Dataset entries:
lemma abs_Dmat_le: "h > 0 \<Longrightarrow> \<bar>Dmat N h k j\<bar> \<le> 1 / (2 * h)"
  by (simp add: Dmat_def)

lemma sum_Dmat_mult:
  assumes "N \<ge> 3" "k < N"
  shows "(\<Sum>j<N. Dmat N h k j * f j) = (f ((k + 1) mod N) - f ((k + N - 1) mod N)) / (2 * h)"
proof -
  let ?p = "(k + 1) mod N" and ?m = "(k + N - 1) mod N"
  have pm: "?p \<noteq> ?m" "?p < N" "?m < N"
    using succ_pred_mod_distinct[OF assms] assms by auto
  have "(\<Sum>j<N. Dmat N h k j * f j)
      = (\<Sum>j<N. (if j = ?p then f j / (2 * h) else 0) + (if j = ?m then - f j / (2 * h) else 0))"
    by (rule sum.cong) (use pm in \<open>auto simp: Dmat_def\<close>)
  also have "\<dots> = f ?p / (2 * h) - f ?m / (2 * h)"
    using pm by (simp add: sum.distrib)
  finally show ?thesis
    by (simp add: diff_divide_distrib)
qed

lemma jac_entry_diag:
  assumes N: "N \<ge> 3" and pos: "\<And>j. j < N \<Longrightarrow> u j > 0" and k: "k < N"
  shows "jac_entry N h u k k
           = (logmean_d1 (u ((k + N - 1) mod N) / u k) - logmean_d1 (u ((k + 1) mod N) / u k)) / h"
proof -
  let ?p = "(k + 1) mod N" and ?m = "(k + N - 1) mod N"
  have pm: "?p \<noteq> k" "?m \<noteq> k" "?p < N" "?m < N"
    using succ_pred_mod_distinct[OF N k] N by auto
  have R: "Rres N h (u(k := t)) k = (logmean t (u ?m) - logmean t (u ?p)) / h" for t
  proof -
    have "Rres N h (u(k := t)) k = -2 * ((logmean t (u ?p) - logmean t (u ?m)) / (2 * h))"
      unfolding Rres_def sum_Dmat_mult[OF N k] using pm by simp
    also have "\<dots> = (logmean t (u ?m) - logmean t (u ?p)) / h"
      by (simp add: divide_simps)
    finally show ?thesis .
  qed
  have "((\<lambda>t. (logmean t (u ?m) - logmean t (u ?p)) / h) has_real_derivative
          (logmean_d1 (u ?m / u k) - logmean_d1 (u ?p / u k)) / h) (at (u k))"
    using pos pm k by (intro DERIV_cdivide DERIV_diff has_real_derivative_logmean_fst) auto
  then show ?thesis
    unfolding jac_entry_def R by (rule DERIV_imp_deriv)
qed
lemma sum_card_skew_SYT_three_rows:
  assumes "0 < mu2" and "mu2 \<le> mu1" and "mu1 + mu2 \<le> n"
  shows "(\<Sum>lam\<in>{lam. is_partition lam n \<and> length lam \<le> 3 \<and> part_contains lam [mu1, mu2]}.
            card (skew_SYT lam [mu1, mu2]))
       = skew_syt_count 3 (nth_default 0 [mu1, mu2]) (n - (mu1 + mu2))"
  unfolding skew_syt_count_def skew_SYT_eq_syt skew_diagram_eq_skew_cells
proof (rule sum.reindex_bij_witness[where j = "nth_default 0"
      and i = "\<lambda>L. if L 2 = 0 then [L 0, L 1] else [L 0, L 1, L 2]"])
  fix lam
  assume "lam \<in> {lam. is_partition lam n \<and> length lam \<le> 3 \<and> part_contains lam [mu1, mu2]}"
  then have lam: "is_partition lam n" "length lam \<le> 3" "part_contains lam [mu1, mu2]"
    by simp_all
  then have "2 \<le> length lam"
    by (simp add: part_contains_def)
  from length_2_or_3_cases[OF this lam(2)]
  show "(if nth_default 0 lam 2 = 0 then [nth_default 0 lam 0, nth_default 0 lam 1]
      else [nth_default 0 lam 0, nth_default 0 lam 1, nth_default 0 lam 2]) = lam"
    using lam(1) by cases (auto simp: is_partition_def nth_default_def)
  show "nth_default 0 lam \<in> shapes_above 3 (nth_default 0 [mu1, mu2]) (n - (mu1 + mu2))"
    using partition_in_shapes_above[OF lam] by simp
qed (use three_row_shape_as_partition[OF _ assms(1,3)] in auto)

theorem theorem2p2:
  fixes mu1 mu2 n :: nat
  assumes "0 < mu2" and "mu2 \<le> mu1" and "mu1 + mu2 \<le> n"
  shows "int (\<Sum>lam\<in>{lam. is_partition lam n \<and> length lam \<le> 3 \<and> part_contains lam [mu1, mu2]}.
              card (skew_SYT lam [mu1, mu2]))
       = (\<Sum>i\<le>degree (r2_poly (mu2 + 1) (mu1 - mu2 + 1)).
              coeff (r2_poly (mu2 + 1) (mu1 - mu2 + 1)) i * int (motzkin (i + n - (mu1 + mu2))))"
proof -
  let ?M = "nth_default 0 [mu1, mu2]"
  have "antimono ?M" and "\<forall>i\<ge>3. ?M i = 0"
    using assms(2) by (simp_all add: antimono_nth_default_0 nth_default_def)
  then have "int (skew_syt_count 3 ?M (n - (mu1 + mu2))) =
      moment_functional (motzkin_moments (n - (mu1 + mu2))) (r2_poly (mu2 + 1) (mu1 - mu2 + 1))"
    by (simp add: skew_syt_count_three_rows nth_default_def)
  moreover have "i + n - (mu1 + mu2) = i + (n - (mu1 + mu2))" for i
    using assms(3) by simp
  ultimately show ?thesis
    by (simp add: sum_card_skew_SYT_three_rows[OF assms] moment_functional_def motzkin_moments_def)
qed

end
---
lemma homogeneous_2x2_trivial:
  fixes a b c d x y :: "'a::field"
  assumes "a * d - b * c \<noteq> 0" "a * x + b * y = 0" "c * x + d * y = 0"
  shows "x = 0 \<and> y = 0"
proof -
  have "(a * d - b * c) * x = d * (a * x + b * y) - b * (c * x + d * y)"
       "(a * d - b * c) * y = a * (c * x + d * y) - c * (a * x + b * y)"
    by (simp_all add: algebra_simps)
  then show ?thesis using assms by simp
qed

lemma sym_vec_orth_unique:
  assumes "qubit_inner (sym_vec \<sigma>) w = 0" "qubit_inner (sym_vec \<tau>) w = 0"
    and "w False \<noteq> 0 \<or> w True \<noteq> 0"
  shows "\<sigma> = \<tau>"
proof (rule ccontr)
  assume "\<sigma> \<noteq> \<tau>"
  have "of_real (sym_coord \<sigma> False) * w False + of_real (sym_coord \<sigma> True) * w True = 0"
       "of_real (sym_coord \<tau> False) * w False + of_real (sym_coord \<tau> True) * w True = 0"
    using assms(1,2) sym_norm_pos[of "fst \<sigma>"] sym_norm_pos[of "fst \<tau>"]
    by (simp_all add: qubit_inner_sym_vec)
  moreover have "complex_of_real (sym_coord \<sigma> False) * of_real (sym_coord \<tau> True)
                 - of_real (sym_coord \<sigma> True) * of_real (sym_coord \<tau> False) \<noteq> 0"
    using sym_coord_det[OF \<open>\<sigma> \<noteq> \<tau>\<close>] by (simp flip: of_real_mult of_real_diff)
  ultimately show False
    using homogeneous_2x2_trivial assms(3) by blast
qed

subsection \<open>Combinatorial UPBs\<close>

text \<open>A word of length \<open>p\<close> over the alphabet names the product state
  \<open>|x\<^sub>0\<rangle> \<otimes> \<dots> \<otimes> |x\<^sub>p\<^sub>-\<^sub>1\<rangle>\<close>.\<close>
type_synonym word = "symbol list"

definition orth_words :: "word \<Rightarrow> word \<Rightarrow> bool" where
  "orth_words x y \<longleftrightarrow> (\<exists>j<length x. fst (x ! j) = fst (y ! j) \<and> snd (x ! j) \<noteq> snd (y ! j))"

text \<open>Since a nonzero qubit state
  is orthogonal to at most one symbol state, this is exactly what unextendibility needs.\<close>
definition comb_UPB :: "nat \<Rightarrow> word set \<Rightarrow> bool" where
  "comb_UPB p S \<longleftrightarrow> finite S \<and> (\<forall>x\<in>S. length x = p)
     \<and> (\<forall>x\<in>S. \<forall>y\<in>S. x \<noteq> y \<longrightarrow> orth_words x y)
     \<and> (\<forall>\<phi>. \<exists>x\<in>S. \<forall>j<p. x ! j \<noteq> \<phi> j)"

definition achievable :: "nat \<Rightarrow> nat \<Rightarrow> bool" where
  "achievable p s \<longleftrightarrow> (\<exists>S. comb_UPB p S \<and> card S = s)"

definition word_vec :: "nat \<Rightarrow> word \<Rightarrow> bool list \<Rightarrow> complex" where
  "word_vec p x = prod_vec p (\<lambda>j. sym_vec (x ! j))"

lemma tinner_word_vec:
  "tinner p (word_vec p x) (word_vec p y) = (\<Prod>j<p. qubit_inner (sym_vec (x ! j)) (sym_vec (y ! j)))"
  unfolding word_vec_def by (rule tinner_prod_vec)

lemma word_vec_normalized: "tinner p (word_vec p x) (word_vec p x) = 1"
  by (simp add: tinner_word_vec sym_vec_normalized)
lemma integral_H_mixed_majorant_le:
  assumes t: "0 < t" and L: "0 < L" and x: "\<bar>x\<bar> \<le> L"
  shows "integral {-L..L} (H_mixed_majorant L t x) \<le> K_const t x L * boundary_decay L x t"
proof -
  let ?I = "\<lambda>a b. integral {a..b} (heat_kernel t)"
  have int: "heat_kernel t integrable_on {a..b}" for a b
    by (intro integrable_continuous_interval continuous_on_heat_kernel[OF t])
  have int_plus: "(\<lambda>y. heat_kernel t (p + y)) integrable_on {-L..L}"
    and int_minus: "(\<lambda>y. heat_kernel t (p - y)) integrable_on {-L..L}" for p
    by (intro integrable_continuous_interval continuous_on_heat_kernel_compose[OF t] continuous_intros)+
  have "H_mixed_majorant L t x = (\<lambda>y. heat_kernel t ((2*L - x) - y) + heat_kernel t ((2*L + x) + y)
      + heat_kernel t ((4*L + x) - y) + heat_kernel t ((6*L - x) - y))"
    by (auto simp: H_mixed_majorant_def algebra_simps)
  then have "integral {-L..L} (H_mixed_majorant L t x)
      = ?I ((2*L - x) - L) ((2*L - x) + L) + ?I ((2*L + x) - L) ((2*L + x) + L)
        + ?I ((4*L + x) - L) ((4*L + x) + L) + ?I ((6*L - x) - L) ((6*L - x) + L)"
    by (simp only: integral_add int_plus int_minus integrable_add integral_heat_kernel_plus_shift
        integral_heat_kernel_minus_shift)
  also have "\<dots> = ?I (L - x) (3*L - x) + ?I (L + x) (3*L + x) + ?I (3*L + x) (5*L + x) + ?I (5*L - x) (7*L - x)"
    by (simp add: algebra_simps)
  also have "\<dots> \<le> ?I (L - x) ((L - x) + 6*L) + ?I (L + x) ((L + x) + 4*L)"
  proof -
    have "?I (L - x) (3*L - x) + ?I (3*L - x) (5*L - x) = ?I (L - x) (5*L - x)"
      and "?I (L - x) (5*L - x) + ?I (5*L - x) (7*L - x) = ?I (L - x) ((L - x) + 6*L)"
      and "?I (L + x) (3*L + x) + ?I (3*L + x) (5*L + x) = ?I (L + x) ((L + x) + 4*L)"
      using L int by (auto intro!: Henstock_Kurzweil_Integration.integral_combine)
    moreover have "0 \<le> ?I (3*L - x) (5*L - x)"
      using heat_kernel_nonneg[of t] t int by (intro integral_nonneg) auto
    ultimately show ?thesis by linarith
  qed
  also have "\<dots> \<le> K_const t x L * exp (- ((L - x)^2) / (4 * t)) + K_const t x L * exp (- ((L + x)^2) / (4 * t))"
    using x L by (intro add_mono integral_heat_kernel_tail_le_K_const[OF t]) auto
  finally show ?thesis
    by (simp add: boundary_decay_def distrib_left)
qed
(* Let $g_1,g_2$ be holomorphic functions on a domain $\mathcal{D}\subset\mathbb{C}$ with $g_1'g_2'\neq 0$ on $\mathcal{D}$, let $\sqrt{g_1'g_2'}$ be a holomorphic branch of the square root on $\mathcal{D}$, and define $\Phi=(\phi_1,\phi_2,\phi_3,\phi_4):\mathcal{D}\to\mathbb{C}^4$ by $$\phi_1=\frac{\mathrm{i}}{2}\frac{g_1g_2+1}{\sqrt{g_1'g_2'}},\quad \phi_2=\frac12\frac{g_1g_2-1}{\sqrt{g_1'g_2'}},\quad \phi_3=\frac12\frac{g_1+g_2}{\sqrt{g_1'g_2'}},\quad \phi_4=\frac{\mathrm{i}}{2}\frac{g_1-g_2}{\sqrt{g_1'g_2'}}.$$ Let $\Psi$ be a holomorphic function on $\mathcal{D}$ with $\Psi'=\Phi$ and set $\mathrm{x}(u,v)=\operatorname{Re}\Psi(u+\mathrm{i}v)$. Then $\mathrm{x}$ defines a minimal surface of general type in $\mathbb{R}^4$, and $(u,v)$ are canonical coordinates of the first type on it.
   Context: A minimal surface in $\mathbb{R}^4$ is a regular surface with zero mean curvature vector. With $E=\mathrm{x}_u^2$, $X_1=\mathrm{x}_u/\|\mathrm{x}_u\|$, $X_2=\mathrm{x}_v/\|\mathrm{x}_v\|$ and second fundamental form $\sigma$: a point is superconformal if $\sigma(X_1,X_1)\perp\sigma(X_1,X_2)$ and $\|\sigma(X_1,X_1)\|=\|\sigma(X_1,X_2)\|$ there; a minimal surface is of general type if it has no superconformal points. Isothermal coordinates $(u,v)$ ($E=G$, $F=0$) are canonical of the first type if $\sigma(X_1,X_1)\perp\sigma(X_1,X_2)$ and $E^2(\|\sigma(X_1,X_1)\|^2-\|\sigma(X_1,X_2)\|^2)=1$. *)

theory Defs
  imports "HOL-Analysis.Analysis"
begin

*WORK REQUIRED*. Begin at the line above that has "t ((2*L + x) + y)" and stop after the line that has "x) (5*L - x) + ?I", copying each line exactly and adding nothing else.

*ANSWER SPACE*.
  have "H_mixed_majorant L t x = (\<lambda>y. heat_kernel t ((2*L - x) - y) + heat_kernel t ((2*L + x) + y)
      + heat_kernel t ((4*L + x) - y) + heat_kernel t ((6*L - x) - y))"
    by (auto simp: H_mixed_majorant_def algebra_simps)
  then have "integral {-L..L} (H_mixed_majorant L t x)
      = ?I ((2*L - x) - L) ((2*L - x) + L) + ?I ((2*L + x) - L) ((2*L + x) + L)
        + ?I ((4*L + x) - L) ((4*L + x) + L) + ?I ((6*L - x) - L) ((6*L - x) + L)"
    by (simp only: integral_add int_plus int_minus integrable_add integral_heat_kernel_plus_shift
        integral_heat_kernel_minus_shift)
  also have "\<dots> = ?I (L - x) (3*L - x) + ?I (L + x) (3*L + x) + ?I (3*L + x) (5*L + x) + ?I (5*L - x) (7*L - x)"
    by (simp add: algebra_simps)
  also have "\<dots> \<le> ?I (L - x) ((L - x) + 6*L) + ?I (L + x) ((L + x) + 4*L)"
  proof -
    have "?I (L - x) (3*L - x) + ?I (3*L - x) (5*L - x) = ?I (L - x) (5*L - x)"
      and "?I (L - x) (5*L - x) + ?I (5*L - x) (7*L - x) = ?I (L - x) ((L - x) + 6*L)"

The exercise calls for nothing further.